Even if Krishna alludes to the dangers of reducing this discourse to Social Machiavellism, of art possibly being perpetually compromised on each and every footing, there are still a couple of issues which need further deliberation. One of the limitations of the book is the lack of addressing how Brahminism, beyond being perpetuated by the upper castes, is getting internalised by the non upper castes, starting from the very act of being an audience to such events. On the other side of the spectrum, an equally tricky terrain is how does one appreciate quality art emanating from upper caste artists without losing hold of the possible vice like grip of Brahminism that governs their worldview? Another problem, with keeping the above quandaries in the backdrop, is why would the privileged middle class be interested in ceding the space of appreciation to the endeavour of retrieving lost forms of marginalised art? What is the incentive at the level of the self to break the shackles?; for them, what must be their first genuine encounter with caste rigidities in art? Or is it only possible when the incentive is coming from external factors and not from the self? He does emphasise the role of vulnerability in art and how it forms the core of any art form which allows it to become more receptive to alien forms of knowledge. At the same time, the above questions and the sundry set of questions which he himself provides need careful deliberation. For this, he suggests we make ample use of what he intriguingly terms ‘aural silence’; a pause that art brings with itself for not only ‘experiencing’ but also ‘learning’.

Barring a few repetitions and minor inconsistencies, Krishna manages to talk truth to power in a book as small as hundred pages.

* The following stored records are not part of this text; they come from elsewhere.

(* Let $\mathbf{q}\in\mathbf{L}^2$ and $\bar{\mathbf{q}}\in\mathbf{H}^1$, and define $\bm{R}(\mathbf{q})=-\nabla^\perp(-\mathbf{\Delta}-M)^{-1}\mathbf{q}\cdot\nabla\mathbf{q}$. Then for each $\alpha\in(0,1)$ there is a constant $C$ depending only on $\alpha$ and $M$ such that $$\|\bm{R}(\mathbf{q})-\bm{R}(\bar{\mathbf{q}})\|_{\mathbf{H}^{-1-\alpha}}\le C\,\|\mathbf{q}-\bar{\mathbf{q}}\|_{\mathbf{H}^{-\alpha}}\big(\|\mathbf{q}\|+\|\bar{\mathbf{q}}\|_{\mathbf{H}^1}\big).$$
   Context: $\mathcal{D}=[0,L]^2$ periodic; $H^k(\mathcal{D})$, $k\in\mathbb{R}$, Sobolev spaces of $L$-periodic zero-mean functions, $\mathbf{H}^k=H^k\times H^k$ with norm $\|\mathbf{u}\|_{\mathbf{H}^k}^2=\|u_1\|^2_{H^k}+\|u_2\|^2_{H^k}$, $\mathbf{L}^2=\mathbf{H}^0$ with norm $\|\cdot\|$. $\mathbf{\Delta}(u_1,u_2)^t=(\Delta u_1,\Delta u_2)^t$; $M=\begin{pmatrix}-S_1&S_1\\S_2&-S_2\end{pmatrix}$ with $S_1,S_2>0$, and $(-\mathbf{\Delta}-M)^{-1}:\mathbf{H}^k\to\mathbf{H}^{k+2}$ is bounded. For vector fields, $\nabla^\perp\bm{\psi}\cdot\nabla\mathbf{q}:=(\nabla^\perp\psi_1\cdot\nabla q_1,\nabla^\perp\psi_2\cdot\nabla q_2)^t$, $\nabla^\perp=(-\partial_y,\partial_x)$. *)

theory Defs
  imports "HOL-Analysis.Analysis"
begin

text \<open>
  L-periodic zero-mean (real-valued) functions / distributions on [0,L]^2 are represented
  by their Fourier coefficients c :: int \<times> int \<Rightarrow> complex, with the convention
  u(x) = \<Sum>_\<xi> c(\<xi>) exp(i k(\<xi>)\<cdot>x), k(\<xi>) = (2\<pi>/L) \<xi>.
  Zero mean: c(0,0) = 0.  Real-valuedness: c(-\<xi>) = cnj (c \<xi>).
\<close>

type_synonym sfield = "int \<times> int \<Rightarrow> complex"
type_synonym vfield = "sfield \<times> sfield"

definition kx :: "real \<Rightarrow> int \<times> int \<Rightarrow> real" where
  "kx L \<xi> = 2 * pi / L * of_int (fst \<xi>)"

definition ky :: "real \<Rightarrow> int \<times> int \<Rightarrow> real" where
  "ky L \<xi> = 2 * pi / L * of_int (snd \<xi>)"

text \<open>|k(\<xi>)|^2, the Fourier symbol of -\<Delta>.\<close>
definition ksq :: "real \<Rightarrow> int \<times> int \<Rightarrow> real" where
  "ksq L \<xi> = (kx L \<xi>)^2 + (ky L \<xi>)^2"

definition Hnorm2 :: "real \<Rightarrow> real \<Rightarrow> sfield \<Rightarrow> real" where
  "Hnorm2 L s c = (\<Sum>\<^sub>\<infinity>\<xi>\<in>UNIV - {(0,0)}. ksq L \<xi> powr s * (cmod (c \<xi>))^2)"

definition inH :: "real \<Rightarrow> real \<Rightarrow> sfield \<Rightarrow> bool" where
  "inH L s c \<longleftrightarrow> c (0,0) = 0 \<and> (\<forall>a b. c (-a, -b) = cnj (c (a, b))) \<and>
     (\<lambda>\<xi>. ksq L \<xi> powr s * (cmod (c \<xi>))^2) summable_on (UNIV - {(0,0)})"

definition inHv :: "real \<Rightarrow> real \<Rightarrow> vfield \<Rightarrow> bool" where
  "inHv L s q \<longleftrightarrow> inH L s (fst q) \<and> inH L s (snd q)"

definition Hvnorm :: "real \<Rightarrow> real \<Rightarrow> vfield \<Rightarrow> real" where
  "Hvnorm L s q = sqrt (Hnorm2 L s (fst q) + Hnorm2 L s (snd q))"

definition vdiff :: "vfield \<Rightarrow> vfield \<Rightarrow> vfield" where
  "vdiff q p = ((\<lambda>\<xi>. fst q \<xi> - fst p \<xi>), (\<lambda>\<xi>. snd q \<xi> - snd p \<xi>))"
text \<open>In \<open>x\<^sup>T Y x = \<Sum> d\<^sub>m y\<^sub>m\<^sup>2\<close> with \<open>y = L\<^sup>T x\<close> the \<open>d\<^sub>m\<close> are bounded below by the Siegel
  conditions, and \<open>x\<close> is controlled by \<open>y\<close> through back substitution.\<close>

lemma jacobi_siegel_uniform_rayleigh:
  assumes u: "0 < u"
  shows "\<exists>c>0. \<forall>Y. jacobi_siegel n u Y \<longrightarrow> rayleigh_ge n Y c"
proof -
  define U where "U = max 1 u"
  define ka where "ka = (1 + U) ^ (2 * n) * (real n + 1)"
  have U: "0 \<le> U" "0 < U" unfolding U_def by auto
  have ka0: "0 < ka" unfolding ka_def using U by simp
  have "1 / U ^ n / ka * sq_norm n x \<le> quad_form n Y x" if J: "jacobi_siegel n u Y" for Y x
  proof -
    obtain L D where L: "L \<in> carrier_mat n n" and D: "D \<in> carrier_mat n n" and dg: "diagonal_mat D"
      and Ye: "Y = L * D * transpose_mat L" and d1: "\<And>i. i < n \<Longrightarrow> L $$ (i, i) = 1"
      and up: "\<And>i j. i < j \<Longrightarrow> j < n \<Longrightarrow> L $$ (i, j) = 0"
      and lb: "\<And>i j. i < n \<Longrightarrow> j < n \<Longrightarrow> \<bar>L $$ (i, j)\<bar> \<le> U"
      and dm: "\<And>m. m < n \<Longrightarrow> 1 / U ^ n \<le> D $$ (m, m)"
      using jacobi_siegelE[OF u J] unfolding U_def by blast
    define y where "y = (\<lambda>m. \<Sum>i<n. x i * L $$ (i, m))"
    have "1 / U ^ n * sq_norm n y = (\<Sum>m<n. 1 / U ^ n * (y m)\<^sup>2)"
      unfolding sq_norm_def by (simp add: sum_distrib_left)
    also have "\<dots> \<le> (\<Sum>m<n. D $$ (m, m) * (y m)\<^sup>2)" using dm by (intro sum_mono mult_right_mono) auto
    also have "\<dots> = quad_form n Y x" unfolding Ye y_def by (rule quad_form_ldl[OF L D dg, symmetric])
    finally have qY: "1 / U ^ n * sq_norm n y \<le> quad_form n Y x" .
    have bb: "(\<Sum>i\<in>{0..<n}. \<bar>x i\<bar>) \<le> (1 + U) ^ n * (\<Sum>i\<in>{0..<n}. \<bar>y i\<bar>)"
      using back_substitution_bound[OF d1 up lb U(1), where k=0 and x=x] unfolding y_def by simp
    have "sq_norm n x = (\<Sum>i\<in>{0..<n}. \<bar>x i\<bar>\<^sup>2)" unfolding sq_norm_def by (simp add: atLeast0LessThan)
    also have "\<dots> \<le> (\<Sum>i\<in>{0..<n}. \<bar>x i\<bar>)\<^sup>2" by (rule sum_sq_le_sq_sum) auto
    also have "\<dots> \<le> ((1 + U) ^ n * (\<Sum>i\<in>{0..<n}. \<bar>y i\<bar>))\<^sup>2"
      using bb by (intro power_mono) (auto intro: sum_nonneg)
    also have "\<dots> = (1 + U) ^ (2 * n) * (\<Sum>i\<in>{0..<n}. \<bar>y i\<bar>)\<^sup>2"
      by (simp add: power_mult_distrib power_mult[symmetric] mult.commute)
    also have "\<dots> \<le> (1 + U) ^ (2 * n) * (real n * sq_norm n y)"
      using sq_sum_le_card_sum_sq[of "\<lambda>i. \<bar>y i\<bar>" "{0..<n}"] U
      unfolding sq_norm_def by (simp add: atLeast0LessThan mult_left_mono)
    also have "\<dots> \<le> ka * sq_norm n y" unfolding ka_def using U sq_norm_nonneg[of n y]
      by (simp add: mult_right_mono mult.assoc)
    finally have "1 / U ^ n / ka * sq_norm n x \<le> 1 / U ^ n * sq_norm n y"
      using ka0 U by (simp add: field_simps)
    with qY show ?thesis by linarith
  qed
  moreover have "0 < 1 / U ^ n / ka" unfolding U_def using ka0 by simp
  ultimately show ?thesis unfolding rayleigh_ge_def by blast
qed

At a time when apart from him there is practically nobody in the popular and academic realm who has thrown himself in this complex world of art with a critical bent of mind, his voice continues to sound refreshing. Above all, as he says, ‘Art belongs to the poromboku’, the commons – the arch nemesis of the pompous, condescending virtuosity of high art.

Surajkumar Thube recently completed his post graduation in Political Science from Jamia Millia Islamia, New Delhi.